Available data:
◇ ◇ ◇ ◇ ◇

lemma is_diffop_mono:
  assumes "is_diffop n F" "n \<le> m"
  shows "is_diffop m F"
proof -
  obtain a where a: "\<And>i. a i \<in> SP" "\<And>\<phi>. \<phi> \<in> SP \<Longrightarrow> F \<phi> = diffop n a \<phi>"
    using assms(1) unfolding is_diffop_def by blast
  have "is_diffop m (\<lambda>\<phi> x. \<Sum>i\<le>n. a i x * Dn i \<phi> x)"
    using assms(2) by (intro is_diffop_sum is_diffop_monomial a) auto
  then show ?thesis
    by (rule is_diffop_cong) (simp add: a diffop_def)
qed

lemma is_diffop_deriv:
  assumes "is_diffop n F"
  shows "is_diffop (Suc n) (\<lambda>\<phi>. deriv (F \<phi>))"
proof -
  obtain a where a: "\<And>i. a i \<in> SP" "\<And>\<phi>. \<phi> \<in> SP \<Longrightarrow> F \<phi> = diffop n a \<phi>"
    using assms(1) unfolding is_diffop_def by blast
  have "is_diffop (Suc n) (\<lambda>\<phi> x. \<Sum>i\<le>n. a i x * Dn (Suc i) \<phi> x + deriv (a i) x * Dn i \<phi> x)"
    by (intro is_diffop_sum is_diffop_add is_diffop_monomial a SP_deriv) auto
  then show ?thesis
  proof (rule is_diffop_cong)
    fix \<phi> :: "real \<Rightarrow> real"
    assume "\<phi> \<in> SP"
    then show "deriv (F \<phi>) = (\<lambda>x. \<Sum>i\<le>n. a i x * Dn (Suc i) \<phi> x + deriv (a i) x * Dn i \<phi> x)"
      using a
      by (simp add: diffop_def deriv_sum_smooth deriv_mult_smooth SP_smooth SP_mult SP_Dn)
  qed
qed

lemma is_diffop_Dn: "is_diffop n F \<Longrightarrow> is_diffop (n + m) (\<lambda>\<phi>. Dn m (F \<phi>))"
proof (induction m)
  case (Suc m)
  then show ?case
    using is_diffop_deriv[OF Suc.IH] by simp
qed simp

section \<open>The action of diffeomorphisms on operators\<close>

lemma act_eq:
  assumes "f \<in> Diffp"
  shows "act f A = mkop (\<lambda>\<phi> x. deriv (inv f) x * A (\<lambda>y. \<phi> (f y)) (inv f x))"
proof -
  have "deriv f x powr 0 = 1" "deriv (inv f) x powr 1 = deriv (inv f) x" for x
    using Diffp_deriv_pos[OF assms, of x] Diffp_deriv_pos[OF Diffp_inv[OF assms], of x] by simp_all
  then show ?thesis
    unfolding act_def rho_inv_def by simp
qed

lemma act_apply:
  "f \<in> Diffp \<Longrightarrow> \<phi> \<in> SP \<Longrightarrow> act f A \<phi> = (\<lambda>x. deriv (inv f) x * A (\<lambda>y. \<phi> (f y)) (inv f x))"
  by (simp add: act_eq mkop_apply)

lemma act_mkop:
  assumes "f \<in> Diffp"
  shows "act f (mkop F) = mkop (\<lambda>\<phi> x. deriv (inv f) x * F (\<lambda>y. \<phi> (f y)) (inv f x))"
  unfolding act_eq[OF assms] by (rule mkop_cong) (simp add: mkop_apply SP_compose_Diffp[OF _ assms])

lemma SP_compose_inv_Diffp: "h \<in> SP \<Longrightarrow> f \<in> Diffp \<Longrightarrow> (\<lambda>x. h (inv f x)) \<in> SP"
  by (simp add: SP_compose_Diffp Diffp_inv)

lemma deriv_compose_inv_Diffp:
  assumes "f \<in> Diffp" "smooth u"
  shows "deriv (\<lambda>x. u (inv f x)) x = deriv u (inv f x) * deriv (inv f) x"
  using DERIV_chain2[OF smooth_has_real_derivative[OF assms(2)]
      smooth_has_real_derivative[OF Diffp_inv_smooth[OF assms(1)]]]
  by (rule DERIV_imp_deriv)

◇ ◇ ◇ ◇ ◇

Task to complete: Where a line of the entries contains "intro", report that line.

Output of the task:
    using assms(2) by (intro is_diffop_sum is_diffop_monomial a) auto
    by (intro is_diffop_sum is_diffop_add is_diffop_monomial a SP_deriv) auto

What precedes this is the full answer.